Programs such as the K-Startup Grand Challenge, spearheaded by the Ministry of Small, Medium and Startups in Seoul, and J-Startup, led by the Ministry of Economy, Trade and Industry in Tokyo, help bridge these resource and access asymmetries. Large companies participate in these government programs as judges, coaches and potential partners for startups. In this way, the Japanese and Korean governments act as intermediaries between entrepreneurs and large conglomerates. (The U.S. policy approach is instead to support only startups.)

Participating in these programs also gives Japanese and Korean startups access to capital and, in many cases, an exit strategy. Seoul and Tokyo pump billions of dollars of taxpayer money into supporting entrepreneurs through agencies like the Korea Venture Investment Corporation and the Japan Finance Corporation. Connecting these startups with conglomerates and affiliated companies that might not otherwise know about their ideas and products makes it easier for larger companies to decide whether to invest in small businesses.

So startups clearly benefit from working with conglomerates. But what do larger companies gain from this?

The second advantage of this open innovation model is that series and Business conglomerate They gain access to new ideas and products.
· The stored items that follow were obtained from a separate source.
lemma bfs_layer_empty_mono:
  assumes "bfs_layer N x k = {}" "k \<le> k'"
  shows "bfs_layer N x k' = {}"
  using assms(2)
proof (induction k' rule: dec_induct)
  case (step k')
  then show ?case by (metis bfs_layer_SucE empty_iff equals0I)
qed (use assms(1) in simp)

context
  fixes N :: "'a \<Rightarrow> 'a \<Rightarrow> bool" and x :: 'a
  assumes sym: "symp N"
    and max_degree_2: "\<And>b y1 y2 y3. N b y1 \<Longrightarrow> N b y2 \<Longrightarrow> N b y3 \<Longrightarrow> y1 = y2 \<or> y1 = y3 \<or> y2 = y3"
    and leaf: "\<exists>\<^sub>\<le>\<^sub>1 a. N x a"
begin

lemma bfs_layer_from_leaf_subsingleton:
  "y \<in> bfs_layer N x k \<Longrightarrow> z \<in> bfs_layer N x k \<Longrightarrow> y = z"
proof (induction k arbitrary: y z rule: less_induct)
  case (less k)
  consider "k = 0" | "k = 1" | n where "k = Suc (Suc n)"
    by (metis One_nat_def not0_implies_Suc)
  then show ?case
  proof cases
    case 1
    with less.prems show ?thesis by simp
  next
    case 2
    with less.prems leaf show ?thesis
      by (auto simp: bfs_layer_def elim: Uniq_D)
  next
    case 3
    obtain b where b: "b \<in> bfs_layer N x (Suc n)" "N b y"
      using less.prems(1) 3 by (auto elim: bfs_layer_SucE)
    obtain b' where b': "b' \<in> bfs_layer N x (Suc n)" "N b' z"
      using less.prems(2) 3 by (auto elim: bfs_layer_SucE)
    obtain a where a: "a \<in> bfs_layer N x n" "N a b"
      using b(1) by (auto elim: bfs_layer_SucE)
    have "b' = b" using less.IH[of "Suc n"] 3 b b' by blast
    with b' have "N b z" by simp
    moreover have "a \<noteq> y" "a \<noteq> z"
      using bfs_layer_index_unique[of _ N x n "Suc (Suc n)"] a(1) less.prems 3 by auto
    ultimately show ?thesis
      using max_degree_2[OF b(2) _ sympD[OF sym a(2)]] by blast
  qed
qed

lemma bfs_layer_Suc_empty_at_leaf:
  assumes y: "y \<in> bfs_layer N x k" "0 < k" "\<exists>\<^sub>\<le>\<^sub>1 a. N y a"
  shows "bfs_layer N x (Suc k) = {}"
proof (rule ccontr)
  assume "bfs_layer N x (Suc k) \<noteq> {}"
  then obtain z where z: "z \<in> bfs_layer N x (Suc k)" by blast
  then obtain b where b: "b \<in> bfs_layer N x k" "N b z" by (rule bfs_layer_SucE)
  obtain k0 where k0: "k = Suc k0" using y(2) not0_implies_Suc by blast
  obtain a where a: "a \<in> bfs_layer N x k0" "N a y" using y(1) k0 by (auto elim: bfs_layer_SucE)
  have "b = y" using bfs_layer_from_leaf_subsingleton b(1) y(1) by blast
  then have "a = z" using y(3) sympD[OF sym a(2)] b(2) by (auto elim: Uniq_D)
  then show False using bfs_layer_index_unique[of a N x k0 "Suc k"] a(1) z k0 by simp
qed

lemma leaf_reachable_from_leaf_unique:
  assumes "N\<^sup>*\<^sup>* x y" "y \<noteq> x" "\<exists>\<^sub>\<le>\<^sub>1 a. N y a"
    and "N\<^sup>*\<^sup>* x z" "z \<noteq> x" "\<exists>\<^sub>\<le>\<^sub>1 a. N z a"
  shows "y = z"
proof -
  obtain ky where ky: "y \<in> bfs_layer N x ky" using assms(1) by (rule rtranclp_imp_bfs_layer)
  obtain kz where kz: "z \<in> bfs_layer N x kz" using assms(4) by (rule rtranclp_imp_bfs_layer)
  have "0 < ky" "0 < kz" using ky kz assms(2,5) by (auto intro: gr0I)
  have "\<not> ky < kz"
    using bfs_layer_empty_mono[OF bfs_layer_Suc_empty_at_leaf[OF ky \<open>0 < ky\<close> assms(3)], of kz] kz
    by auto
  moreover have "\<not> kz < ky"
    using bfs_layer_empty_mono[OF bfs_layer_Suc_empty_at_leaf[OF kz \<open>0 < kz\<close> assms(6)], of ky] ky
    by auto
  ultimately have "ky = kz" by simp
  then show ?thesis using bfs_layer_from_leaf_subsingleton ky kz by blast
qed

end

section \<open>Antipodal pairs of values\<close>

definition antipodal_pairs :: "('a \<Rightarrow> 'b::group_add) \<Rightarrow> 'a set \<Rightarrow> 'a set set" where
  "antipodal_pairs f V = {{p, q} | p q. p \<in> V \<and> q \<in> V \<and> p \<noteq> q \<and> f p = - f q}"

lemma antipodal_pairs_of_triple_cases:
  fixes f :: "'a \<Rightarrow> 'b::group_add"
  assumes "e \<in> antipodal_pairs f {a, b, c}"
  shows "(e = {a, b} \<and> f a = - f b) \<or> (e = {b, c} \<and> f b = - f c) \<or> (e = {a, c} \<and> f a = - f c)"
  using assms unfolding antipodal_pairs_def by (auto simp: insert_commute)

lemma antipodal_pairs_of_triple:
  fixes f :: "'a \<Rightarrow> 'b::group_add"
  assumes "\<And>x. x \<in> {a, b, c} \<Longrightarrow> f x \<noteq> - f x"
    and "e1 \<in> antipodal_pairs f {a, b, c}" "e2 \<in> antipodal_pairs f {a, b, c}"
      "e3 \<in> antipodal_pairs f {a, b, c}"
  shows "e1 = e2 \<or> e1 = e3 \<or> e2 = e3"
proof -
  have not_all: "\<not> (f a = - f b \<and> f b = - f c \<and> f a = - f c)"
  proof
    assume "f a = - f b \<and> f b = - f c \<and> f a = - f c"
    then have "f c = - f c" by (metis minus_minus)
    then show False using assms(1)[of c] by simp
  qed
  show ?thesis
    using antipodal_pairs_of_triple_cases[OF assms(2)] antipodal_pairs_of_triple_cases[OF assms(3)]
      antipodal_pairs_of_triple_cases[OF assms(4)] not_all
    by metis
qed

lemma triple_with_antipodal_values:
  fixes f :: "'a \<Rightarrow> 'b::group_add"
  assumes "card V = 3" "w \<in> f ` V" "- w \<in> f ` V" "w \<noteq> - w" "x \<in> V" "f x \<notin> {w, - w}"
  obtains y z where "V = {x, y, z}" "f y = w" "f z = - w"
proof -
  obtain y z where yz: "y \<in> V" "f y = w" "z \<in> V" "f z = - w"
    using assms(2,3) by (metis imageE)
  have "x \<noteq> y" "x \<noteq> z" "y \<noteq> z" using yz assms(4,6) by auto
  then have card_eq: "card {x, y, z} = card V" using assms(1) by simp
  have fin: "finite V" using assms(1) by (intro card_ge_0_finite) simp
  have sub: "{x, y, z} \<subseteq> V" using yz assms(5) by simp
  have "V = {x, y, z}" using card_subset_eq[OF fin sub card_eq] by (rule sym)
  then show thesis using yz(2,4) by (rule that)
qed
Several policymakers in Japan and South Korea told us they are concerned that their nation’s big companies will follow the same path as Motorola and Nokia, once innovation powerhouses that were left behind. Working with startups is one way big companies can develop new products and improve existing ones.

Ultimately, Japan and South Korea want startups and large corporations to work together to improve their economies. They believe startups are the engines of innovation and the growth of quality jobs, and large corporations will help these SMEs achieve that.

Conglomerates also provide the manufacturing capacity needed to produce future technologies at scale. Silicon Valley long ago outsourced production of key technologies, such as semiconductors, to other countries. Bringing this manufacturing capacity home, which provides quality jobs and contributes to the talent pool, is a key objective of the US’s multi-billion dollar CHIPS Act.

Indeed, this model of startups working with large corporations seems to be now being adopted in other parts of the world: in the AI ​​field, Microsoft is working with smaller partners such as OpenAI with ChatGPT and France’s Mistral. Amazon and Google are both investing in developers such as Anthropic, and large Chinese tech companies are also buying large stakes in Chinese AI startups. Both the Biden administration and the von der Leyen Commission are promoting collaboration between startups and large corporations as part of their respective industrial policies.

The Japanese and Korean models of startup-corporate collaboration are set to become more widespread as governments move away from laissez-faire liberalism and toward industrial policies and economic nationalism — in other words, closer to the policies that Tokyo and Seoul have long supported.

Silicon Valley isn’t dead, but its startup capitalism is no longer unique.

The opinions expressed in Fortune.com editorial articles are solely those of the authors and do not necessarily reflect the opinions or beliefs of the authors. luck.